**Exercise description:** Write out, from the entries below, exactly the lines that run between the lines holding "int \<Rightarrow> int \<times>" and "1, snd (label", inclusive, and stop there.

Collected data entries
________________

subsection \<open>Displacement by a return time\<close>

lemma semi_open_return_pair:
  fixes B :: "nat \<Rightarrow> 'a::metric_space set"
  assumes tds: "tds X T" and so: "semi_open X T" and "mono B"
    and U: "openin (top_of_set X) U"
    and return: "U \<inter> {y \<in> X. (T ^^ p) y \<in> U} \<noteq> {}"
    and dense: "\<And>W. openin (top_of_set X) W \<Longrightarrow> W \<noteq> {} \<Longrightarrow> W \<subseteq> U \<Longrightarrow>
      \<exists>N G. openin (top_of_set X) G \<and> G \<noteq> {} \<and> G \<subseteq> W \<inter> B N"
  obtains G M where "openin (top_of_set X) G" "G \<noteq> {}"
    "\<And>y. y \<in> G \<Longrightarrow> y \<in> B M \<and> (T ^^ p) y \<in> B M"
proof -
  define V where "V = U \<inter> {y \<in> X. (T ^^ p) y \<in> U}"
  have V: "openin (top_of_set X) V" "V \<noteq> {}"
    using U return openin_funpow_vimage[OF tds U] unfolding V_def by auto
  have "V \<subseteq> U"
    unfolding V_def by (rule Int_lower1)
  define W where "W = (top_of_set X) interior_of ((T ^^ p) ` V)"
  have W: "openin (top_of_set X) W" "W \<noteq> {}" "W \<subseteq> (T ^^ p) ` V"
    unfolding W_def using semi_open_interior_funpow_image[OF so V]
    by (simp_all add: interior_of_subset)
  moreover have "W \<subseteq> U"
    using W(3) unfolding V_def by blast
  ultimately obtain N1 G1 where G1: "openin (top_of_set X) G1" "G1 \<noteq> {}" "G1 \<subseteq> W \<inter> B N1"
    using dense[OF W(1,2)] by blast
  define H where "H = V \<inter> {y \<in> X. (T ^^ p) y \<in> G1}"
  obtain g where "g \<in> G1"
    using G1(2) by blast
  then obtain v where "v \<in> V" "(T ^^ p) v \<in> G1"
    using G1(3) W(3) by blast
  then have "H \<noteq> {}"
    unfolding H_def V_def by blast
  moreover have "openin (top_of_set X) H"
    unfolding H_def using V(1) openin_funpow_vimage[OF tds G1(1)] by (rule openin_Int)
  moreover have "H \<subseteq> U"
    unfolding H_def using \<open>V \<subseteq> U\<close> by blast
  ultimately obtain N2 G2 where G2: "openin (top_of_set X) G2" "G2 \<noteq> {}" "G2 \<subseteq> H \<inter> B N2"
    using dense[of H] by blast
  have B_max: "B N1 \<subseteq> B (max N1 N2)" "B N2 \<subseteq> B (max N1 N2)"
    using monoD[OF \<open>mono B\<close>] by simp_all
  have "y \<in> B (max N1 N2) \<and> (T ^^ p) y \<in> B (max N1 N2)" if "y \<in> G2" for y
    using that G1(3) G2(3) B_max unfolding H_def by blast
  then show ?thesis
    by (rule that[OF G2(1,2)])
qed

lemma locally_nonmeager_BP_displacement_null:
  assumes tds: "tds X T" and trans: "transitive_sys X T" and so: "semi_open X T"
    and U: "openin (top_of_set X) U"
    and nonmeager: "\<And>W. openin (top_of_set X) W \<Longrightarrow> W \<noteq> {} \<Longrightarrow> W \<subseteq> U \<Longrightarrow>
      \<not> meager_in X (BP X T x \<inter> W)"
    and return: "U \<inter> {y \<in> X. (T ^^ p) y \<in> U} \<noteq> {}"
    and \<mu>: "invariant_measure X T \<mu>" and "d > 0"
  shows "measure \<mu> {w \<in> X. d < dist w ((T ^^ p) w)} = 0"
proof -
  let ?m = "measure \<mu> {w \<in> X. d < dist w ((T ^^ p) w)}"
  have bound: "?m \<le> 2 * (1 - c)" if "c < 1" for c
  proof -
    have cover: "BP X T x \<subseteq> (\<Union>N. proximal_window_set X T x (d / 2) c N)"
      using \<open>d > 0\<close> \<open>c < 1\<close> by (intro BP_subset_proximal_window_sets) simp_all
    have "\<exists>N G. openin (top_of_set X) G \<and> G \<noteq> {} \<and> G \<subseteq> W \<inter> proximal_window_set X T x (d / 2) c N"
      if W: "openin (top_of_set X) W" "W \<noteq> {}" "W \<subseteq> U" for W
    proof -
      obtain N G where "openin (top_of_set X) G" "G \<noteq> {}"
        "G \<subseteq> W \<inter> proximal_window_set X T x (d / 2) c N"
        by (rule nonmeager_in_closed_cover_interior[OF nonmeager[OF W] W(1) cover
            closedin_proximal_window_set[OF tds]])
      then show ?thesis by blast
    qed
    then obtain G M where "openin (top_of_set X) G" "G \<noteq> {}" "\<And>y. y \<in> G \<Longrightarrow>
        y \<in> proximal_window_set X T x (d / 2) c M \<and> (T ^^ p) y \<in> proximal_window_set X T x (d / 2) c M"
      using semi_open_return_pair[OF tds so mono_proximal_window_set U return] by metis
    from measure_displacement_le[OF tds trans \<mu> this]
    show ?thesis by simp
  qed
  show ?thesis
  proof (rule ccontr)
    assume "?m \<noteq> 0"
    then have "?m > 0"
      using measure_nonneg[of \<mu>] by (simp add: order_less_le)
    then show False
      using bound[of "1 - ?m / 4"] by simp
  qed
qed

________________

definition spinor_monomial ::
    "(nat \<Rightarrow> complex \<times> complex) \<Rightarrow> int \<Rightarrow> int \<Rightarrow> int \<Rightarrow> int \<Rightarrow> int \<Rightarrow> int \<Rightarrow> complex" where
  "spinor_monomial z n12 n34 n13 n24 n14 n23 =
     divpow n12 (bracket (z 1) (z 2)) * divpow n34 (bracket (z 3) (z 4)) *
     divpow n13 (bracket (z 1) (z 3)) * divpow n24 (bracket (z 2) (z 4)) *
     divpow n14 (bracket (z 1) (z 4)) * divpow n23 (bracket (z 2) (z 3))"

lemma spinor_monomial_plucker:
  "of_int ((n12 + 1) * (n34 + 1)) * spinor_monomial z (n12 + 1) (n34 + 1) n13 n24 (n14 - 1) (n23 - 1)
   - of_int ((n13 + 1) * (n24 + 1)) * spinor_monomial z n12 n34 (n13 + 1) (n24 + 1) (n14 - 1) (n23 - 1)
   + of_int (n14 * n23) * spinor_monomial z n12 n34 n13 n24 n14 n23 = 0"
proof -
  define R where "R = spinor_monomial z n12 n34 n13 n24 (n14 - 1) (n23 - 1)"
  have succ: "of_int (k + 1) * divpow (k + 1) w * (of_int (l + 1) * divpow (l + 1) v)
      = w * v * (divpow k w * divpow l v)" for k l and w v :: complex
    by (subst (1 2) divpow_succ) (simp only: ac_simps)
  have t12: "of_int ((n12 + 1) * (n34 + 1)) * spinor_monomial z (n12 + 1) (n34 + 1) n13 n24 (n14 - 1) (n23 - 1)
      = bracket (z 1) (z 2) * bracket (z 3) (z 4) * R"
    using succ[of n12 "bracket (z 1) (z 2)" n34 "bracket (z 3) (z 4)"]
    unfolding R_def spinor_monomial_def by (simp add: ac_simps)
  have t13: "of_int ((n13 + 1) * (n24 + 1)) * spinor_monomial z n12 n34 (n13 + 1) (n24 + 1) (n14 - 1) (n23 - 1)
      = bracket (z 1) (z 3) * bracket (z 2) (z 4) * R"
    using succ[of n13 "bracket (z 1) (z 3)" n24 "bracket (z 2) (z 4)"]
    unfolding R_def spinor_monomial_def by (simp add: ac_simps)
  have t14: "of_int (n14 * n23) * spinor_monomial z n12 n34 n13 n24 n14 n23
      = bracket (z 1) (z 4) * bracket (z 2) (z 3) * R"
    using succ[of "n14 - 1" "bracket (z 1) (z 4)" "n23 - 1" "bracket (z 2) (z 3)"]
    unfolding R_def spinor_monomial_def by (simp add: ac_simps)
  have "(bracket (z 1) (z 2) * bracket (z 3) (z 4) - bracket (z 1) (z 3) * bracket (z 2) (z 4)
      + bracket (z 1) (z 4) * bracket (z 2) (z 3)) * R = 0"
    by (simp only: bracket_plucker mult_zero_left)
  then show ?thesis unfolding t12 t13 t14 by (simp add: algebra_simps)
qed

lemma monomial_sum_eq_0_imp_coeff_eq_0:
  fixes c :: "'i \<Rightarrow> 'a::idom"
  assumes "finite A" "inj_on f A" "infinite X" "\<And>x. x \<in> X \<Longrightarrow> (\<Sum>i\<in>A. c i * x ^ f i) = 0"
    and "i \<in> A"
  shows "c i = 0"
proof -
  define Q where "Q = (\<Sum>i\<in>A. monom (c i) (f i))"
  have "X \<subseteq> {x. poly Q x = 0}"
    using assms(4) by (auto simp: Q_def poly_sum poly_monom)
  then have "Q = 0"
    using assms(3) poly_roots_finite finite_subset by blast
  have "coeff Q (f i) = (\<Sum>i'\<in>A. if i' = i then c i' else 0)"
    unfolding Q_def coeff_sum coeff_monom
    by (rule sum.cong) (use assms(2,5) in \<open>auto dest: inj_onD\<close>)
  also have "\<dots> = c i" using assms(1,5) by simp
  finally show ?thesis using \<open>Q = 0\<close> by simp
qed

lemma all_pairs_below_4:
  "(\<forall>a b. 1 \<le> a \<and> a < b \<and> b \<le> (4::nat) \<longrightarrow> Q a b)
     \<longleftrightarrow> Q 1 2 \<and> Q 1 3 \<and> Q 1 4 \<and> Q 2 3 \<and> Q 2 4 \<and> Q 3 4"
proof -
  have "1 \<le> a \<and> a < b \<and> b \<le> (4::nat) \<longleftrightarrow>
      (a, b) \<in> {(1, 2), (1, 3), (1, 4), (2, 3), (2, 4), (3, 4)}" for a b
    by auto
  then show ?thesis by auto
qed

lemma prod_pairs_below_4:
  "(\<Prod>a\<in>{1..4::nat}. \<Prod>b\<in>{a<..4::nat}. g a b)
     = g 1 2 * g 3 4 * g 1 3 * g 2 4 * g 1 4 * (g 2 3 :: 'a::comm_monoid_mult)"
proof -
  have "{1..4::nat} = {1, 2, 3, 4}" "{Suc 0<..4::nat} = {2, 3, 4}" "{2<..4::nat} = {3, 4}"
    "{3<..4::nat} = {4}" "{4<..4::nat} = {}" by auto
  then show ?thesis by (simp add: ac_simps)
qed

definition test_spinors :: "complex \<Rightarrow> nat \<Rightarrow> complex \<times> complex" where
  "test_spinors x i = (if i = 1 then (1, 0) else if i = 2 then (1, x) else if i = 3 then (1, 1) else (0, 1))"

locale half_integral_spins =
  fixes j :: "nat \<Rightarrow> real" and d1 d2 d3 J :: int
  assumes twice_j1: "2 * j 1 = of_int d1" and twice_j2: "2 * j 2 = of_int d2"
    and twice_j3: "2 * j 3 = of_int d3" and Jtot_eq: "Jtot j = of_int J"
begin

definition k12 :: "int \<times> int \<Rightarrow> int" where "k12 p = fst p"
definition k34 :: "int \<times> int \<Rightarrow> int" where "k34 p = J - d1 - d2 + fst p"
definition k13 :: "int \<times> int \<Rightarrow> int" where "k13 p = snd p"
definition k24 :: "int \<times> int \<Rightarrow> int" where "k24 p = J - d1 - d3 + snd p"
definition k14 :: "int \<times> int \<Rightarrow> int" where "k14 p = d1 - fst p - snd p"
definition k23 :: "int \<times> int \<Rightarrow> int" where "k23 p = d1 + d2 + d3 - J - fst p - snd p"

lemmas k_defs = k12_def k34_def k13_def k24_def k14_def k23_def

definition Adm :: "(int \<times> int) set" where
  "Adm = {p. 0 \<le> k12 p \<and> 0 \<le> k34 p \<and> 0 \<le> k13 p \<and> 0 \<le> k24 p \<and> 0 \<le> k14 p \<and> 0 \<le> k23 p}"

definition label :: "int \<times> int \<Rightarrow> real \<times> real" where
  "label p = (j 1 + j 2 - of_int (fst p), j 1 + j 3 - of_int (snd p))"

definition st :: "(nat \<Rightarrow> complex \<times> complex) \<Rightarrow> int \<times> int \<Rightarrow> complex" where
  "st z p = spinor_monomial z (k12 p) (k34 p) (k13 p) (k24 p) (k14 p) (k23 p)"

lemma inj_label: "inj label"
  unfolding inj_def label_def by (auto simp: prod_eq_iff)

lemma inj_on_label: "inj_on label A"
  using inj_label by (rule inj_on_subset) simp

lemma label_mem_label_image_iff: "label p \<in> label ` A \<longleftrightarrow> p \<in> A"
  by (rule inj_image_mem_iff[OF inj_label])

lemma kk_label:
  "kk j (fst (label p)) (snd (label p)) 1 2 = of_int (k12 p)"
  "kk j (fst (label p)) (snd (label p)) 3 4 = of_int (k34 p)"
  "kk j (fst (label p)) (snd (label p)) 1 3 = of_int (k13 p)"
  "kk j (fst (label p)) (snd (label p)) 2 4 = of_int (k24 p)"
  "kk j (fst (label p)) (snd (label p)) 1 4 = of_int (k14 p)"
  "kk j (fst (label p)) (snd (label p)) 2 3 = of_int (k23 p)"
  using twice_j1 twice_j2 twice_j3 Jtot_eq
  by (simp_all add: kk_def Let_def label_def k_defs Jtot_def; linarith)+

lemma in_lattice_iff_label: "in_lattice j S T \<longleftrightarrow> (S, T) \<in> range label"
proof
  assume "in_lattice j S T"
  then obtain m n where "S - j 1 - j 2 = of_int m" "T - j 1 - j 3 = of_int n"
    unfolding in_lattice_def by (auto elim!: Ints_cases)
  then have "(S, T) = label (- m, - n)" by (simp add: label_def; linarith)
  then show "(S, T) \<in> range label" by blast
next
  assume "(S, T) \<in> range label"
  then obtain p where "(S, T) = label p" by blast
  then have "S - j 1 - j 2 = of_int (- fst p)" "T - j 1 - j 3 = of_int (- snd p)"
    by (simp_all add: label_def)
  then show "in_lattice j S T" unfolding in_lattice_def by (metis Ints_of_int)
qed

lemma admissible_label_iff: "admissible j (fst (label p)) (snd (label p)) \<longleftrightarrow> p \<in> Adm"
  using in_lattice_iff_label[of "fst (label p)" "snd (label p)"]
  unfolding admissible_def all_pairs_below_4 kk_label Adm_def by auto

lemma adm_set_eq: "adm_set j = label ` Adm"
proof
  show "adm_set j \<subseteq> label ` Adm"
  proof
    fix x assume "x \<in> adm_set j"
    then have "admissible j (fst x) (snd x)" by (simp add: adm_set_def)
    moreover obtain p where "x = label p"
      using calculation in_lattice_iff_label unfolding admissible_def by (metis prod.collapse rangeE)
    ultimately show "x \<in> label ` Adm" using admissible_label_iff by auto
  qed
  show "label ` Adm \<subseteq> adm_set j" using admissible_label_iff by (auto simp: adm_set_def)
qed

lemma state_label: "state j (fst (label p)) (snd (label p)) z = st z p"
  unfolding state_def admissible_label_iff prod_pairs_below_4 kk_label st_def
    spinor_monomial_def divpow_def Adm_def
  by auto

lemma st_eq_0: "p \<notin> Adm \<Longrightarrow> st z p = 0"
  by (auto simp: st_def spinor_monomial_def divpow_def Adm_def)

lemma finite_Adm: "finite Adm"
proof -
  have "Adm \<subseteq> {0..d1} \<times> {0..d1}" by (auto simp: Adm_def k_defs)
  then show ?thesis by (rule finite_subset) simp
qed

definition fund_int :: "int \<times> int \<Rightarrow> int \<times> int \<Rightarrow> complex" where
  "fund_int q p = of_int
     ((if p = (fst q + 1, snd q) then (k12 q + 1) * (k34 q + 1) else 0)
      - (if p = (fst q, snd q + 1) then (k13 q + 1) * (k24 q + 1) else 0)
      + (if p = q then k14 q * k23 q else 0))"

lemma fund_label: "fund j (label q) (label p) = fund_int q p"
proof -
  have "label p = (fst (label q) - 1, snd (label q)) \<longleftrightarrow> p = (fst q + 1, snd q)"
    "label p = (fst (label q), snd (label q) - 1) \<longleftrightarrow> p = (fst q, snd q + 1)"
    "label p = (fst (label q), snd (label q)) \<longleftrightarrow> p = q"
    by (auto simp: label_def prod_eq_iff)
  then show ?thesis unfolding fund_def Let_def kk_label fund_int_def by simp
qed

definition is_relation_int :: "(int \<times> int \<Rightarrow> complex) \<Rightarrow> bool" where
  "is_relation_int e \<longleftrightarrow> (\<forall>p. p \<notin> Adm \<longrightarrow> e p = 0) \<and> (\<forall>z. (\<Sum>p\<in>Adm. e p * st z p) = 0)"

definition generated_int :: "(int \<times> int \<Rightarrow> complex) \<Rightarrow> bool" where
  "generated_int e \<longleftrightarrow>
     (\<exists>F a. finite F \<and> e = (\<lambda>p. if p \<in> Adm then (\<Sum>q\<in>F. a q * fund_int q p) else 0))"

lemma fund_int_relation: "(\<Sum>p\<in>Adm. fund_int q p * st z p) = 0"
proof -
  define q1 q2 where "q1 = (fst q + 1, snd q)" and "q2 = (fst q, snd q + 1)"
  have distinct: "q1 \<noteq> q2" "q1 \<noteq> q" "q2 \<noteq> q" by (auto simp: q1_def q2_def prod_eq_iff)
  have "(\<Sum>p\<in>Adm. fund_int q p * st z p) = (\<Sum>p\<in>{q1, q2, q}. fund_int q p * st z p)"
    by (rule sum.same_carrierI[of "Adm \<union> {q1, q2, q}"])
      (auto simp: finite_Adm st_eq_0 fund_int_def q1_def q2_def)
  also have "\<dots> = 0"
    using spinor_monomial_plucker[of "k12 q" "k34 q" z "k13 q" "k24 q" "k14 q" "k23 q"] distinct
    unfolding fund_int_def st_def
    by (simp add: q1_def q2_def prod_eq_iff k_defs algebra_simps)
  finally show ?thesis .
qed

________________

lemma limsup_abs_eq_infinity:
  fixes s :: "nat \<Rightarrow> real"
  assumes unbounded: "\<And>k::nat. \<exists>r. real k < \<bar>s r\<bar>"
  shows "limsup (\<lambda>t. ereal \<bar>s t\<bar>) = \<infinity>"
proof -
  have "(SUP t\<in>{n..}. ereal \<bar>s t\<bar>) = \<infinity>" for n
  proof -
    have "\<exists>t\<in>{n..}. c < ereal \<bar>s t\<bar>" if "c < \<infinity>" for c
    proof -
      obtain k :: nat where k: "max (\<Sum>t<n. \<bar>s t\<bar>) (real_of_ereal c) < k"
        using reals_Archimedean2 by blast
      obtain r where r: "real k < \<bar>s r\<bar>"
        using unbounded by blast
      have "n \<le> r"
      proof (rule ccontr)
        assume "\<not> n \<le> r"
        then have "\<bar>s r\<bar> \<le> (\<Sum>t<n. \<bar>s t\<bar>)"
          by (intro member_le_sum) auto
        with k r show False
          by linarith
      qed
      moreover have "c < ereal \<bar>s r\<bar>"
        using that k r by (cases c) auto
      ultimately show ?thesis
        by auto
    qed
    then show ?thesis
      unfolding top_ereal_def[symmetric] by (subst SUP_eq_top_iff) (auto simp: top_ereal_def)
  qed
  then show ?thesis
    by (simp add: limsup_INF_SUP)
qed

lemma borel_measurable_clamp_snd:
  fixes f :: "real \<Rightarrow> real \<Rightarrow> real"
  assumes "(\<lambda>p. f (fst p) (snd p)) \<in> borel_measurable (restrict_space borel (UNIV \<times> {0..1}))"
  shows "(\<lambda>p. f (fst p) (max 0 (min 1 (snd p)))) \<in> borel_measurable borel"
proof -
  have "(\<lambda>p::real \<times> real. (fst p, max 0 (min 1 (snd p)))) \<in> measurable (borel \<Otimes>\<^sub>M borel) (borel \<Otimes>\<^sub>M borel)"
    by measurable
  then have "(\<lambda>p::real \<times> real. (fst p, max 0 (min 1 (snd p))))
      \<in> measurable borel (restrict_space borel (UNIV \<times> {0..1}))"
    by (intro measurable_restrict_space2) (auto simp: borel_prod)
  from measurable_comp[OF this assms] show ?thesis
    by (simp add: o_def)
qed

________________

**Response for this exercise:**
definition fund_int :: "int \<times> int \<Rightarrow> int \<times> int \<Rightarrow> complex" where
  "fund_int q p = of_int
     ((if p = (fst q + 1, snd q) then (k12 q + 1) * (k34 q + 1) else 0)
      - (if p = (fst q, snd q + 1) then (k13 q + 1) * (k24 q + 1) else 0)
      + (if p = q then k14 q * k23 q else 0))"

lemma fund_label: "fund j (label q) (label p) = fund_int q p"
proof -
  have "label p = (fst (label q) - 1, snd (label q)) \<longleftrightarrow> p = (fst q + 1, snd q)"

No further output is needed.